> [Exercise data]:
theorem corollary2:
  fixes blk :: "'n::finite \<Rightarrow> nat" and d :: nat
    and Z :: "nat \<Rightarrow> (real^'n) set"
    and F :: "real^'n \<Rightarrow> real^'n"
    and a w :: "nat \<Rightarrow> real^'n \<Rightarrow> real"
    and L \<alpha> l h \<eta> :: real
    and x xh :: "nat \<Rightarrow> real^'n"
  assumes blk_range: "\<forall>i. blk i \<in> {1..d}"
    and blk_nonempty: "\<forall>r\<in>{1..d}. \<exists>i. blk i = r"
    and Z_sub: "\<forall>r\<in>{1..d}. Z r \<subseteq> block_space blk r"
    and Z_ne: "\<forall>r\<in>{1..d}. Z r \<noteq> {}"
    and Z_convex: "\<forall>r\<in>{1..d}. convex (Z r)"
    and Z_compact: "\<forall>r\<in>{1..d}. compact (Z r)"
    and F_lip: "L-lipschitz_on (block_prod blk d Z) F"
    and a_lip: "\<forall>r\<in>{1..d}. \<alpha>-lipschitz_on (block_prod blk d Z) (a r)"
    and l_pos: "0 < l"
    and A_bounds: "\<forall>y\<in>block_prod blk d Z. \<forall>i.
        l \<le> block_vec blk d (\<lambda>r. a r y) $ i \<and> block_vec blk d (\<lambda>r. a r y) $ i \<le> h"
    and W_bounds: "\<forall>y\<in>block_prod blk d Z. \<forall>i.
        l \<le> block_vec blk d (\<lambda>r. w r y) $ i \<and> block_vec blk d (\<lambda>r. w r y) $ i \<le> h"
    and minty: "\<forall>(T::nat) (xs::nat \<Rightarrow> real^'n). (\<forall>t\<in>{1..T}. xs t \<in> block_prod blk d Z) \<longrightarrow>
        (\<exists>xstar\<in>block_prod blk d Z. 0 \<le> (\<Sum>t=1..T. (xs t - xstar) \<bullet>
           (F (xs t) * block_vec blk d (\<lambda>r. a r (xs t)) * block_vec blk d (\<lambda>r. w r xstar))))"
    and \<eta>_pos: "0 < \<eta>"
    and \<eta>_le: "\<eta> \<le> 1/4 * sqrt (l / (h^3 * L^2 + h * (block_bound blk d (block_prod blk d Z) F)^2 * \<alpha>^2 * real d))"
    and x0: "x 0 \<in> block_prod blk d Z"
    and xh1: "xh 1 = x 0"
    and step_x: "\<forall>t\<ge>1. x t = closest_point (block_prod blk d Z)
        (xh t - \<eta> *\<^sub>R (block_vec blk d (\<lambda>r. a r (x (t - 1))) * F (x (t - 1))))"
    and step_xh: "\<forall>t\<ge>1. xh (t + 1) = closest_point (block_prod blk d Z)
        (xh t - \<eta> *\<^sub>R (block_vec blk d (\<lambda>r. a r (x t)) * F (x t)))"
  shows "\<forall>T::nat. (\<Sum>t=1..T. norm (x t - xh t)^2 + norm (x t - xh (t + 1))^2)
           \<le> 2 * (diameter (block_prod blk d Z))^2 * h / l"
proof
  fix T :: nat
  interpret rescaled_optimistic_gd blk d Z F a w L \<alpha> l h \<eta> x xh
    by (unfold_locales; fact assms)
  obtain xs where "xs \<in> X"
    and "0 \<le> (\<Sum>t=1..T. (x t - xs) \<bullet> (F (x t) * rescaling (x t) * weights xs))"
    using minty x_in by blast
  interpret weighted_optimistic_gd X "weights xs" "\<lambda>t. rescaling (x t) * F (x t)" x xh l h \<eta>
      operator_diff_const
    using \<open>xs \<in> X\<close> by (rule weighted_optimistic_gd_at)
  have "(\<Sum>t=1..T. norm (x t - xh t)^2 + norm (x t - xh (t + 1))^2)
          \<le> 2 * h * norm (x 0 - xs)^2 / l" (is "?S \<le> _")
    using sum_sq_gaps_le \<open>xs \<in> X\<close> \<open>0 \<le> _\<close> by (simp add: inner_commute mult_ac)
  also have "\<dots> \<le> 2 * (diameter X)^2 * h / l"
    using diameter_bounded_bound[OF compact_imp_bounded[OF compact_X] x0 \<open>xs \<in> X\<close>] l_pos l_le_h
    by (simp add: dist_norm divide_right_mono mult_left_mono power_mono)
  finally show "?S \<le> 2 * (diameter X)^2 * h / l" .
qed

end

==

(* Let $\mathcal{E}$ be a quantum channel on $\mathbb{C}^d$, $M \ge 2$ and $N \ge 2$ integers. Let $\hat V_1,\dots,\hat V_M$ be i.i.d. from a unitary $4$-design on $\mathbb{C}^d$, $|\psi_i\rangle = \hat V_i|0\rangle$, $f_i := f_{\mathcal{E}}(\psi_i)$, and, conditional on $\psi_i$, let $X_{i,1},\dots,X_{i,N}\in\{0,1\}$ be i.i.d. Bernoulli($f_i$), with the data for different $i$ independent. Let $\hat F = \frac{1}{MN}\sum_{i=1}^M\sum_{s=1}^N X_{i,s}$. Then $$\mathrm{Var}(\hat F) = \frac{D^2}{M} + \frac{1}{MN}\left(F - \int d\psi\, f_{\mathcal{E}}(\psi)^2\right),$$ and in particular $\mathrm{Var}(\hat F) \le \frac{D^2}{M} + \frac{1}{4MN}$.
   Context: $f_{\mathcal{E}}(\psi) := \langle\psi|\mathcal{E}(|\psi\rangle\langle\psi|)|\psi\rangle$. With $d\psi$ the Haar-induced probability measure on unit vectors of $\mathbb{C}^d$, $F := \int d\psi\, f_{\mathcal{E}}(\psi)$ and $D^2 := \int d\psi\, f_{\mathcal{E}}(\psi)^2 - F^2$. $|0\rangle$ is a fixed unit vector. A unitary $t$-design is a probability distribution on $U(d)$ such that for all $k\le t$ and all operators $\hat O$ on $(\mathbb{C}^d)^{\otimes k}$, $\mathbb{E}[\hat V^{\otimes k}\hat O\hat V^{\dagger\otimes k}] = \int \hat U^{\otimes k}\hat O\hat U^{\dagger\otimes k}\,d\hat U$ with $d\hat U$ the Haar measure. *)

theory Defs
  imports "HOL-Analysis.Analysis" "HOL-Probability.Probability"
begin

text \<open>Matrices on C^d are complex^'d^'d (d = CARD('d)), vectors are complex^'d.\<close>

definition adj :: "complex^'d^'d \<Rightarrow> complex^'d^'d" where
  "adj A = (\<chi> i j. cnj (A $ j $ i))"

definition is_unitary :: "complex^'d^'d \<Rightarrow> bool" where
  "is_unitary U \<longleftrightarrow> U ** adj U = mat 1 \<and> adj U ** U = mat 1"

...

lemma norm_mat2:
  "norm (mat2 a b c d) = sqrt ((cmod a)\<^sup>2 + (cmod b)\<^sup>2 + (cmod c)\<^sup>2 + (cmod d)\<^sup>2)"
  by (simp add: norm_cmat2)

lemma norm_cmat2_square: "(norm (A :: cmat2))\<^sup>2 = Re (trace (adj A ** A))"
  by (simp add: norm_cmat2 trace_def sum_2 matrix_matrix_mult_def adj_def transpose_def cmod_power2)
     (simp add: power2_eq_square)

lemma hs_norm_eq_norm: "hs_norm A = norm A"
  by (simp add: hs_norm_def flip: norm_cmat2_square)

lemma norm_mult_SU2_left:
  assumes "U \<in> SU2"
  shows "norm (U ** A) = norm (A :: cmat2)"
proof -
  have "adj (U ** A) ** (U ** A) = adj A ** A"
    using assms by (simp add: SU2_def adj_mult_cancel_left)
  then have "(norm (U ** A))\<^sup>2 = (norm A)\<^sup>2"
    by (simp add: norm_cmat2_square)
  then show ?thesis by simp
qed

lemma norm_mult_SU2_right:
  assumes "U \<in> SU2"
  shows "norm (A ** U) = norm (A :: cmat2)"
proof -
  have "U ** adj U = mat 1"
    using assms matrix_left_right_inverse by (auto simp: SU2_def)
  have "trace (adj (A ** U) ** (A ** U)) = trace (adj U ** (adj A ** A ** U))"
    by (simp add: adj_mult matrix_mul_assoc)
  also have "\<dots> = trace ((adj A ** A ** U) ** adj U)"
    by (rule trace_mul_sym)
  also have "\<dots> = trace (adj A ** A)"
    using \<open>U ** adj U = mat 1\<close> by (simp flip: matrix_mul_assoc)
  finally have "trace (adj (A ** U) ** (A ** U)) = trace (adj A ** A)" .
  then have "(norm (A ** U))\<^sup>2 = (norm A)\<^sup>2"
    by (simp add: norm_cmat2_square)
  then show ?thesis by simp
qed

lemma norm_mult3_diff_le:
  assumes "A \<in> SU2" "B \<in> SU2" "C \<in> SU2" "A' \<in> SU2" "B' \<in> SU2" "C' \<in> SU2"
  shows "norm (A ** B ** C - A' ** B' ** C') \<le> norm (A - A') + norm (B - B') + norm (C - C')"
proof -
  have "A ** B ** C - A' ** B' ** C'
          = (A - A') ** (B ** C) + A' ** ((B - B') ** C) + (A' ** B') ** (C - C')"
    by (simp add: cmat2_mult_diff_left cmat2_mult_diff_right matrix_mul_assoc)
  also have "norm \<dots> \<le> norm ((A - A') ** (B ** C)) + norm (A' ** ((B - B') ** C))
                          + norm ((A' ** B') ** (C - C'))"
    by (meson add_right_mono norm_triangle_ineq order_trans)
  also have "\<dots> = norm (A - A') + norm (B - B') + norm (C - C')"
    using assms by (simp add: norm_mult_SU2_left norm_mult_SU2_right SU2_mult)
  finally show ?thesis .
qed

> [Task brief]:
All lines of the listing holding the string "where" must be returned, copied as they stand.

> [Solution to the problem]:
  obtain xs where "xs \<in> X"
definition adj :: "complex^'d^'d \<Rightarrow> complex^'d^'d" where
definition is_unitary :: "complex^'d^'d \<Rightarrow> bool" where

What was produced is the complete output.